_EXERCISE BRIEF_: Work out how many lines in the listing below carry the word "lemma". Give that number alone.
[Start of Attachment]
(* Let $\gamma\in(0,1]$, $\varsigma(t):=\gamma t^{\gamma-1}$, and $\bm\sigma:=\big(\varsigma(\tfrac1N),\dots,\varsigma(\tfrac{N-1}N)\big)/\varsigma(\tfrac1N)\in\mathbb R^{N-1}$. Let $\mathcal S:=\{\bm\Pi\in\mathbb R^{(N-1)\times(N-1)}:0\le\Pi_{ij}\le1\ \forall i,j,\ \bm\Pi\bm e=\bm e,\ \bm\Pi^\top\bm e=\bm e\}$ and let $\bm\Pi_i$ denote the $i$-th row of $\bm\Pi$. Consider: (P$_\sigma$) $\displaystyle\min_{\bm w\in\widehat{\mathcal V},\,\bm\Pi\in\mathcal S}\bm w^\top\bar{\bm g}$ s.t. $w_i-(\bm c_{[N-1]})_i\in[-(\bm\Pi_i\bm\sigma)\underline v_i,\,(\bm\Pi_i\bm\sigma)\bar v_i]$, $i\in[N-1]$; (L$_\sigma$) $\displaystyle\max\ \Big[\bm c_{[N-1]}^\top\bar{\bm g}-\bm\eta^\top\bm c_{[N-1]}+\sum_{m=1}^M\theta_mh_m\bm c_{[N-1]}^\top\bm\Delta^m+\min_{\bm\Pi\in\mathcal S}\sum_{i=1}^{N-1}(\bm\Pi_i\bm\sigma)\big(-(\underline\lambda_i\underline v_i+\bar\lambda_i\bar v_i)\big)\Big]$ over $(\underline{\bm\lambda},\bar{\bm\lambda},\beta,\bm\eta,\bm\theta)\in\mathbb R^{N-1}\times\mathbb R^{N-1}\times\mathbb R\times\mathbb R^{N-1}\times\mathbb R^M$ with $\bar{\bm g}-\underline{\bm\lambda}+\bar{\bm\lambda}+\beta\bm e-\bm\eta+\sum_{m=1}^M\theta_mh_m\bm\Delta^m=\bm 0$ and $\underline{\bm\lambda},\bar{\bm\lambda},\bm\eta,\bm\theta\ge0$; (D$_\sigma$) $\displaystyle\max\ \bm c_{[N-1]}^\top\bar{\bm g}+\sum_{m=1}^M\theta_mh_m\bm c_{[N-1]}^\top\bm\Delta^m-\bm\eta^\top\bm c_{[N-1]}-\sum_{i,j}\Theta_{ij}-\underline{\bm\tau}^\top\bm e-\bar{\bm\tau}^\top\bm e$ over $\underline{\bm\lambda},\bar{\bm\lambda},\bm\eta,\underline{\bm\tau},\bar{\bm\tau}\in\mathbb R^{N-1}$, $\beta\in\mathbb R$, $\bm\theta\in\mathbb R^M$, $\bm\Theta\in\mathbb R^{(N-1)\times(N-1)}$ subject to $\bar{\bm g}-\underline{\bm\lambda}+\bar{\bm\lambda}+\beta\bm e-\bm\eta+\sum_{m=1}^M\theta_mh_m\bm\Delta^m=\bm 0$, $(-\underline{\bm\lambda}\circ\underline{\bm v}-\bar{\bm\lambda}\circ\bar{\bm v})\bm\sigma^\top+\underline{\bm\tau}\bm e^\top+\bm e\bar{\bm\tau}^\top+\bm\Theta\ge0$ (entrywise, $\circ$ the Hadamard product), $\underline{\bm\lambda},\bar{\bm\lambda},\bm\eta,\bm\theta,\bm\Theta\ge0$. Then (P$_\sigma$) and (L$_\sigma$) can both be reformulated as (D$_\sigma$): their optimal values coincide with the optimal value of (D$_\sigma$).
   Context: Let $N\ge3$ be an integer and $\underline x=x_1<x_2<\cdots<x_N=\bar x$ real numbers; $\bm e$ denotes the all-ones vector of the appropriate dimension. Define $\bm g:[\underline x,\bar x]\to\mathbb R^{N-1}$ by $\bm g(x_1)=\bm 0$ and, for $x\in(x_i,x_{i+1}]$ ($i\in\{1,\dots,N-1\}$), $\bm g(x)=(1,\dots,1,\frac{x-x_i}{x_{i+1}-x_i},0,\dots,0)$ with the first $i-1$ entries equal to $1$, the $i$-th entry $\frac{x-x_i}{x_{i+1}-x_i}$ and the last $N-1-i$ entries $0$. For $\bm v\in\mathbb R^{N-2}$ let $\bm R\bm v:=(v_1,\dots,v_{N-2},1-\bm e^\top\bm v)\in\mathbb R^{N-1}$. Let $\bm z\in\mathbb R^n$ and $\bm\xi^1,\dots,\bm\xi^K\in\mathbb R^n$ with $\bm z^\top\bm\xi^k\in[\underline x,\bar x]$ (the distribution of $\bm\xi$ puts mass $1/K$ on each $\bm\xi^k$), and $\bar{\bm g}:=\frac1K\sum_{k=1}^K\bm g(\bm z^\top\bm\xi^k)$. Let $M\ge1$ and, for $m=1,\dots,M$, let $r_1^m\le r_3^m$ and $r_2^m$ lie in $[\underline x,\bar x]$, $p^m\in[0,1]$, $h_m\in\{-1,1\}$, and $\bm\Delta^m:=(1-p^m)\bm g(r_1^m)+p^m\bm g(r_3^m)-\bm g(r_2^m)$. Let $\mathcal V:=\{\bm v\in\mathbb R^{N-2}:\bm v\ge0,\ \bm e^\top\bm v\le1,\ h_m(\bm R\bm v)^\top\bm\Delta^m\le0,\ m\in[M]\}$, assumed to have nonempty interior, let $\bm c\in\mathbb R^{N-2}$ be its analytic center (maximizer over the interior of the sum of the logarithms of the slacks of the defining inequalities) and $\bm c_{[N-1]}:=\bm R\bm c$ (so $\bm e^\top\bm c_{[N-1]}=1$). For $i\in[N-1]$ let $\underline v_i:=-\min\{(\bm R\bm v)_i-(\bm c_{[N-1]})_i:\bm v\in\mathcal V\}$ and $\bar v_i:=\max\{(\bm R\bm v)_i-(\bm c_{[N-1]})_i:\bm v\in\mathcal V\}$; $\underline{\bm v}=(\underline v_i)$, $\bar{\bm v}=(\bar v_i)$. Let $\widehat{\mathcal V}:=\{\bm w\in\mathbb R^{N-1}_+:\bm e^\top\bm w=1,\ h_m\bm w^\top\bm\Delta^m\le0,\ m\in[M]\}$. Optimal values are understood in the extended reals. *)

theory Defs
  imports "HOL-Analysis.Analysis"
begin
lemma ends_in_cl_verts:
  assumes "wf_conmg A" "e \<in> edges A"
  shows "end1 A e \<in> cl_verts A (ecl A e)" "end2 A e \<in> cl_verts A (ecl A e)"
proof -
  have "occ1 A e < length (bnd A (face A e))" "occ2 A e < length (bnd A (face A e))"
    "set (bnd A (face A e)) \<subseteq> verts A" "vcl A (end1 A e) = vcl A (end2 A e)"
    using assms unfolding wf_conmg_def by blast+
  then have "end1 A e \<in> verts A" "end2 A e \<in> verts A"
    unfolding end1_def end2_def by (meson nth_mem subsetD)+
  then show "end1 A e \<in> cl_verts A (ecl A e)" "end2 A e \<in> cl_verts A (ecl A e)"
    using \<open>vcl A (end1 A e) = vcl A (end2 A e)\<close> by (simp_all add: cl_verts_def ecl_def)
qed

lemma planar_sst_replace_tree:
  assumes wf: "wf_conmg A" and S: "planar_sst A S"
    and e: "e \<in> edges A" "\<forall>e'\<in>edges A. \<not> cross A e e'"
    and F: "F \<subseteq> insert e S" "\<forall>x\<in>F. ecl A x = \<alpha>" "spanning_tree A F (cl_verts A \<alpha>)"
  shows "planar_sst A ((S - cl_edges A S \<alpha>) \<union> F)"
proof -
  let ?S' = "(S - cl_edges A S \<alpha>) \<union> F"
  have S_edges: "S \<subseteq> edges A"
    and S_trees: "\<forall>\<beta>\<in>clusters A. spanning_tree A (cl_edges A S \<beta>) (cl_verts A \<beta>)"
    and S_planar: "\<forall>x\<in>S. \<forall>y\<in>S. \<not> cross A x y"
    using S unfolding planar_sst_def by blast+
  have S'_sub: "?S' \<subseteq> insert e S" using F(1) by blast
  have "spanning_tree A (cl_edges A ?S' \<beta>) (cl_verts A \<beta>)" if "\<beta> \<in> clusters A" for \<beta>
  proof (cases "\<beta> = \<alpha>")
    case True
    then have "cl_edges A ?S' \<beta> = F" using F(2) unfolding cl_edges_def by auto
    then show ?thesis using F(3) True by simp
  next
    case False
    then have "cl_edges A ?S' \<beta> = cl_edges A S \<beta>" using F(2) unfolding cl_edges_def by auto
    then show ?thesis using S_trees that by simp
  qed
  moreover have "\<not> cross A x y" if "x \<in> insert e S" "y \<in> insert e S" for x y
  proof
    assume xy: "cross A x y"
    then have "x \<in> edges A" "y \<in> edges A" unfolding cross_def by blast+
    moreover have "x \<noteq> e" using e(2) xy \<open>y \<in> edges A\<close> by blast
    moreover have "y \<noteq> e" using e(2) cross_sym[OF wf xy] \<open>x \<in> edges A\<close> by blast
    ultimately show False using that xy S_planar by blast
  qed
  moreover have "?S' \<subseteq> edges A" using S'_sub S_edges e(1) by blast
  ultimately show ?thesis
    using S'_sub unfolding planar_sst_def by (meson subsetD)
qed
sublocale proj_family: pointwise_bounded_linear_family "range proj"
proof -
  have "bdd_above ((\<lambda>T. norm (T v)) ` range proj)" for v
  proof -
    have "Bseq (\<lambda>m. proj m v)" using proj_tendsto convergent_imp_Bseq convergentI by blast
    then obtain K where "\<And>m. norm (proj m v) \<le> K" unfolding Bseq_def by blast
    then show ?thesis by (intro bdd_aboveI2) auto
  qed
  then show "pointwise_bounded_linear_family (range proj)"
    by (intro pointwise_bounded_linear_family.intro) (auto simp: linear_proj)
qed

lemma norm_proj_le_sup_norm: "norm (proj m v) \<le> sup_norm (range proj) v"
  by (rule proj_family.norm_le_sup_norm) (rule rangeI)

lemma norm_le_sup_norm_proj: "norm v \<le> sup_norm (range proj) v"
  by (rule LIMSEQ_le_const2[OF tendsto_norm[OF proj_tendsto]]) (use norm_proj_le_sup_norm in blast)

lemma limit_of_projections:
  assumes "\<And>m. (\<lambda>j. proj m (u j)) \<longlonglongrightarrow> W m"
  obtains c where "\<And>m. W m = (\<Sum>i<m. c i *\<^sub>R x i)"
proof -
  have "\<exists>c. W (Suc i) - W i = c *\<^sub>R x i" for i
  proof (rule limit_of_multiples)
    show "(\<lambda>j. coord (u j) i *\<^sub>R x i) \<longlonglongrightarrow> W (Suc i) - W i"
      using tendsto_diff[OF assms[of "Suc i"] assms[of i]] by (simp add: proj_Suc_diff)
  qed
  then obtain c where c: "\<And>i. W (Suc i) - W i = c i *\<^sub>R x i" by metis
  have "W 0 = 0" using assms[of 0] by (simp add: proj_def LIMSEQ_const_iff)
  then have "W m = (\<Sum>i<m. c i *\<^sub>R x i)" for m
    by (induction m) (simp_all flip: c)
  then show ?thesis by (rule that)
qed
(* Put y = x . 1.  If g . 1 = 1, then (PA.2) and (PA.3) force x^j . 1 = 0 for j > 0 and the
   action is global.  If g . 1 = 0, then (PA.3) with h = g^(n-1) x yields the recursion
     g^i x^(t+1) . a = q^(-i) (y (g^i x^t . a) - (g^(i+1) x^t . a) y),
   whose solution is the closed formula (i): a q-analogue of expanding (L_y - R_y)^t, with
   L_y, R_y left and right multiplication by y.  As q is a primitive n-th root of unity, the
   q-binomial coefficients [n, k] vanish for 0 < k < n, so the recursion at t = n - 1, where
   x^n = 0, says precisely that y^n is central.  Conversely, (i)-(iii) give the recursion for
   all t, and (PA.2), (PA.3) follow by induction on the x-degree from a twisted Leibniz rule
   and the q-Pascal identity. *)

lemma qbinom_eq_0: "N < m \<Longrightarrow> qbinom p N m = 0"
  by (induction N arbitrary: m) auto

lemma qbinom_0_right [simp]: "qbinom p N 0 = 1"
  by (induction N) auto

lemma qbinom_diag [simp]: "qbinom p N N = 1"
  by (induction N) (auto simp: qbinom_eq_0)

lemma qbinom_Suc:
  "qbinom p (Suc N) m = (if m = 0 then 0 else qbinom p N (m - 1)) + p ^ m * qbinom p N m"
  by (auto simp: qbinom_eq_0)

declare qbinom.simps(2) [simp del]

lemma qbinom_Suc':
  "qbinom p (Suc N) m = qbinom p N m + (if m = 0 then 0 else p ^ (Suc N - m) * qbinom p N (m - 1))"
proof (induction N arbitrary: m)
  case 0
  then show ?case by (cases m) (auto simp: qbinom_eq_0)
next
  case (Suc N)
  note IH = Suc.IH
  show ?case
  proof (cases m)
    case 0
    then show ?thesis by simp
  next
    case (Suc k)
    have powers: "p ^ Suc k * (p ^ (N - k) * qbinom p N k) = p ^ (Suc N - k) * (p ^ k * qbinom p N k)"
      by (cases "k \<le> N") (simp_all add: qbinom_eq_0 mult.assoc[symmetric] flip: power_add)
    have "qbinom p (Suc (Suc N)) m = qbinom p (Suc N) k + p ^ Suc k * qbinom p (Suc N) (Suc k)"
      using qbinom_Suc[of p "Suc N" m] Suc by simp
    also have "\<dots> = qbinom p N k + (if k = 0 then 0 else p ^ (Suc N - k) * qbinom p N (k - 1))
        + p ^ Suc k * qbinom p N (Suc k) + p ^ Suc k * (p ^ (N - k) * qbinom p N k)"
      using IH[of k] IH[of "Suc k"] by (simp add: algebra_simps)
    also have "\<dots> = (qbinom p N k + p ^ Suc k * qbinom p N (Suc k))
        + p ^ (Suc N - k) * ((if k = 0 then 0 else qbinom p N (k - 1)) + p ^ k * qbinom p N k)"
      using powers by (cases "k = 0") (simp_all add: algebra_simps)
    also have "\<dots> = qbinom p (Suc N) m + p ^ (Suc (Suc N) - m) * qbinom p (Suc N) (m - 1)"
      using qbinom_Suc[of p N "Suc k"] qbinom_Suc[of p N k] Suc by simp
    finally show ?thesis using Suc by simp
  qed
qed

lemma qbinom_primitive_root_eq_0:
  fixes p :: "'k::field"
  assumes root: "primitive_root n p" and "0 < k" "k < n"
  shows "qbinom p n k = 0"
  using assms(2,3)
proof (induction k)
  case 0
  then show ?case by simp
next
  case (Suc k)
  have "(1 - p ^ Suc k) * qbinom p n (Suc k) = (1 - p ^ (n - k)) * qbinom p n k"
    using qbinom_Suc[of p n "Suc k"] qbinom_Suc'[of p n "Suc k"] by (simp add: algebra_simps)
  also have "\<dots> = 0"
    using Suc root by (cases k) (auto simp: primitive_root_def)
  finally show ?case
    using Suc.prems root by (auto simp: primitive_root_def)
qed

lemma primitive_root_power_triangular:
  fixes p :: "'k::field"
  assumes root: "primitive_root n p" and "0 < n"
  shows "p ^ (n * (n - 1) div 2) = (-1) ^ (n - 1)"
proof (cases "even n")
  case True
  then obtain h where h: "n = 2 * h" by blast
  have "(p ^ h) ^ 2 = 1"
    using root h by (simp add: primitive_root_def power_even_eq)
  moreover have "p ^ h \<noteq> 1"
    using root h \<open>0 < n\<close> by (simp add: primitive_root_def)
  ultimately have "p ^ h = -1" by (simp add: power2_eq_1_iff)
  then show ?thesis by (simp add: h power_mult)
next
  case False
  then have "even (n - 1)" using \<open>0 < n\<close> by simp
  then obtain h where h: "n - 1 = 2 * h" by blast
  then have "n * (n - 1) div 2 = n * h" by simp
  then show ?thesis
    using root h by (simp add: primitive_root_def power_mult)
qed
[End of Attachment]
_ANSWER BELOW_: 12